[Saved entries]
text \<open>A tensor polynomial in F<X>^{\<otimes>n} is a finitely supported coefficient function
 on n-tuples of words (basis w_1 \<otimes> ... \<otimes> w_n).\<close>
definition tensor_poly :: "nat \<Rightarrow> nat \<Rightarrow> (nat list list \<Rightarrow> 'a::zero) \<Rightarrow> bool" where
  "tensor_poly d n G \<longleftrightarrow> finite {m. G m \<noteq> 0} \<and>
     (\<forall>m. G m \<noteq> 0 \<longrightarrow> length m = n \<and> (\<forall>w\<in>set m. \<forall>v\<in>set w. v < d * d))"

definition teval :: "nat \<Rightarrow> nat \<Rightarrow> (nat list list \<Rightarrow> 'a::comm_ring_1) \<Rightarrow> (nat \<Rightarrow> 'a mat)
    \<Rightarrow> nat list \<Rightarrow> nat list \<Rightarrow> 'a" where
  "teval d n G xs is js = (\<Sum>m\<in>{m. G m \<noteq> 0}. G m * (\<Prod>k<n. word_mat d xs (m ! k) $$ (is ! k, js ! k)))"

text \<open>Determinant of the d^2 x d^2 matrix whose c-th column is the coordinate vector of
 xs c in the lexicographically ordered basis e_{i,j} (row index i*d+j).\<close>
definition det_coords :: "nat \<Rightarrow> (nat \<Rightarrow> 'a::comm_ring_1 mat) \<Rightarrow> 'a" where
  "det_coords d xs = det (mat (d * d) (d * d) (\<lambda>(r, c). xs c $$ (r div d, r mod d)))"

definition multilinear_alternating :: "nat \<Rightarrow> nat \<Rightarrow> ((nat \<Rightarrow> 'a::comm_ring_1 mat) \<Rightarrow> nat list \<Rightarrow> nat list \<Rightarrow> 'a) \<Rightarrow> bool" where
  "multilinear_alternating d n f \<longleftrightarrow>
     (\<forall>xs i y z a b. (\<forall>k<d*d. xs k \<in> carrier_mat d d) \<longrightarrow> i < d * d \<longrightarrow>
        y \<in> carrier_mat d d \<longrightarrow> z \<in> carrier_mat d d \<longrightarrow>
        (\<forall>is\<in>idx d n. \<forall>js\<in>idx d n.
           f (xs(i := a \<cdot>\<^sub>m y + b \<cdot>\<^sub>m z)) is js = a * f (xs(i := y)) is js + b * f (xs(i := z)) is js)) \<and>
     (\<forall>xs i j. (\<forall>k<d*d. xs k \<in> carrier_mat d d) \<longrightarrow> i < d * d \<longrightarrow> j < d * d \<longrightarrow> i \<noteq> j \<longrightarrow>
        xs i = xs j \<longrightarrow> (\<forall>is\<in>idx d n. \<forall>js\<in>idx d n. f xs is js = 0))"

text \<open>Matrix of the operator permuting tensor factors:
 y_1 \<otimes> .. \<otimes> y_n \<mapsto> y_{\<sigma>(1)} \<otimes> .. \<otimes> y_{\<sigma>(n)} (convention irrelevant for the span).\<close>
definition perm_op :: "nat \<Rightarrow> (nat \<Rightarrow> nat) \<Rightarrow> nat list \<Rightarrow> nat list \<Rightarrow> 'a::comm_ring_1" where
  "perm_op n \<sigma> is js = (if \<forall>k<n. is ! k = js ! \<sigma> k then 1 else 0)"

definition in_perm_span :: "nat \<Rightarrow> nat \<Rightarrow> (nat list \<Rightarrow> nat list \<Rightarrow> 'a::comm_ring_1) \<Rightarrow> bool" where
  "in_perm_span d n J \<longleftrightarrow> (\<exists>c. \<forall>is\<in>idx d n. \<forall>js\<in>idx d n.
      J is js = (\<Sum>\<sigma>\<in>{\<sigma>. \<sigma> permutes {..<n}}. c \<sigma> * perm_op n \<sigma> is js))"

definition tpow :: "nat \<Rightarrow> 'a::comm_ring_1 mat \<Rightarrow> nat list \<Rightarrow> nat list \<Rightarrow> 'a" where
  "tpow n g is js = (\<Prod>k<n. g $$ (is ! k, js ! k))"

definition tmul :: "nat \<Rightarrow> nat \<Rightarrow> (nat list \<Rightarrow> nat list \<Rightarrow> 'a::comm_ring_1) \<Rightarrow> (nat list \<Rightarrow> nat list \<Rightarrow> 'a)
    \<Rightarrow> nat list \<Rightarrow> nat list \<Rightarrow> 'a" where
  "tmul d n A B is js = (\<Sum>ks\<in>idx d n. A is ks * B ks js)"

definition GL_invariant :: "nat \<Rightarrow> nat \<Rightarrow> (nat list \<Rightarrow> nat list \<Rightarrow> 'a::comm_ring_1) \<Rightarrow> bool" where
  "GL_invariant d n J \<longleftrightarrow> (\<forall>g h. g \<in> carrier_mat d d \<longrightarrow> h \<in> carrier_mat d d \<longrightarrow>
      g * h = 1\<^sub>m d \<longrightarrow> h * g = 1\<^sub>m d \<longrightarrow>
      (\<forall>is\<in>idx d n. \<forall>js\<in>idx d n. tmul d n (tmul d n (tpow n g) J) (tpow n h) is js = J is js))"

end

theory Submission
  imports Defs "Jordan_Normal_Form.Char_Poly"
begin

text \<open>
  A multilinear alternating function of d^2 matrices is determined by its value at the basis of
  matrix units, so G(x) = det(x) J with J the value of G at the matrix units. Conjugating all
  arguments by g multiplies the determinant by det(g)^d det(g^-1)^d = 1, while it conjugates
  the value of G by g^{\<otimes>n}; hence J commutes with g^{\<otimes>n} for every invertible g and,
  by a polynomial argument in characteristic 0, with every X^{\<otimes>n}. Polarization shows that
  the X^{\<otimes>n} span the operators commuting with all permutations of the tensor factors, so J lies
  in the commutant of that algebra. Averaging a linear projection over S_n (Maschke's trick) shows
  that this double commutant is the span of the permutation operators.
\<close>

section \<open>Multi-indices and operators on the tensor power\<close>

lemma idx_iff: "is \<in> idx d n \<longleftrightarrow> length is = n \<and> (\<forall>k<n. is ! k < d)"
  unfolding idx_def by (auto simp: in_set_conv_nth subset_iff)

lemma idx_Suc: "idx d (Suc n) = (\<lambda>(a, ks). a # ks) ` ({..<d} \<times> idx d n)"
proof
  show "idx d (Suc n) \<subseteq> (\<lambda>(a, ks). a # ks) ` ({..<d} \<times> idx d n)"
  proof
    fix x assume "x \<in> idx d (Suc n)"
    then obtain a ks where "x = a # ks" "a < d" "ks \<in> idx d n"
      unfolding idx_def by (cases x) auto
    then show "x \<in> (\<lambda>(a, ks). a # ks) ` ({..<d} \<times> idx d n)" by force
  qed
qed (auto simp: idx_def)

lemma finite_idx [simp]: "finite (idx d n)"
  by (induct n) (auto simp: idx_Suc, simp add: idx_def)

lemma sum_idx_prod:
  "(\<Sum>ks\<in>idx d n. \<Prod>k<n. F k (ks ! k)) = (\<Prod>k<n. \<Sum>a<d. (F k a :: 'a::comm_semiring_1))"
proof (induct n arbitrary: F)
  case 0
  have "idx d 0 = {[]}" by (auto simp: idx_def)
  then show ?case by simp
next
  case (Suc n)
  have inj: "inj_on (\<lambda>(a, ks). a # ks) ({..<d} \<times> idx d n)" by (auto simp: inj_on_def)
  have "(\<Sum>ks\<in>idx d (Suc n). \<Prod>k<Suc n. F k (ks ! k))
      = (\<Sum>(a, ks)\<in>{..<d} \<times> idx d n. \<Prod>k<Suc n. F k ((a # ks) ! k))"
    unfolding idx_Suc by (subst sum.reindex[OF inj]) (simp add: case_prod_beta)
  also have "\<dots> = (\<Sum>(a, ks)\<in>{..<d} \<times> idx d n. F 0 a * (\<Prod>k<n. F (Suc k) (ks ! k)))"
    by (rule sum.cong, simp, unfold prod.lessThan_Suc_shift) (simp add: case_prod_beta)
  also have "\<dots> = (\<Sum>a<d. F 0 a) * (\<Sum>ks\<in>idx d n. \<Prod>k<n. F (Suc k) (ks ! k))"
    by (simp add: sum.cartesian_product[symmetric] sum_product)
  also have "\<dots> = (\<Prod>k<Suc n. \<Sum>a<d. F k a)"
    unfolding Suc[of "\<lambda>k. F (Suc k)"] prod.lessThan_Suc_shift ..
  finally show ?case .
qed

lemma permute_list_idx:
  assumes "\<sigma> permutes {..<n}" and "b \<in> idx d n"
  shows "permute_list \<sigma> b \<in> idx d n"
proof -
  from assms(2) have b: "length b = n" "set b \<subseteq> {..<d}" by (simp_all add: idx_def)
  with assms(1) have "set (permute_list \<sigma> b) = set b" by (intro set_permute_list) simp
  with b have "set (permute_list \<sigma> b) \<subseteq> {..<d}" and "length (permute_list \<sigma> b) = n"
    by simp_all
  then show ?thesis unfolding idx_def by blast
qed

lemma eq_permute_list_iff_nth:
  assumes "length x = length b"
  shows "x = permute_list \<sigma> b \<longleftrightarrow> (\<forall>k<length b. x ! k = b ! \<sigma> k)"
proof -
  have "permute_list \<sigma> b ! k = b ! \<sigma> k" if "k < length b" for k
    using that by (simp add: permute_list_def)
  then show ?thesis using assms by (simp add: list_eq_iff_nth_eq)
qed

* WHAT NEEDS TO BE DONE:
I'd like the lines above from the one with "case (Suc n)" up to and including the one with "unfolding idx_Suc by" copied exactly, with no other lines.

* REPLY TO THE TASK:
  case (Suc n)
  have inj: "inj_on (\<lambda>(a, ks). a # ks) ({..<d} \<times> idx d n)" by (auto simp: inj_on_def)
  have "(\<Sum>ks\<in>idx d (Suc n). \<Prod>k<Suc n. F k (ks ! k))
      = (\<Sum>(a, ks)\<in>{..<d} \<times> idx d n. \<Prod>k<Suc n. F k ((a # ks) ! k))"
    unfolding idx_Suc by (subst sum.reindex[OF inj]) (simp add: case_prod_beta)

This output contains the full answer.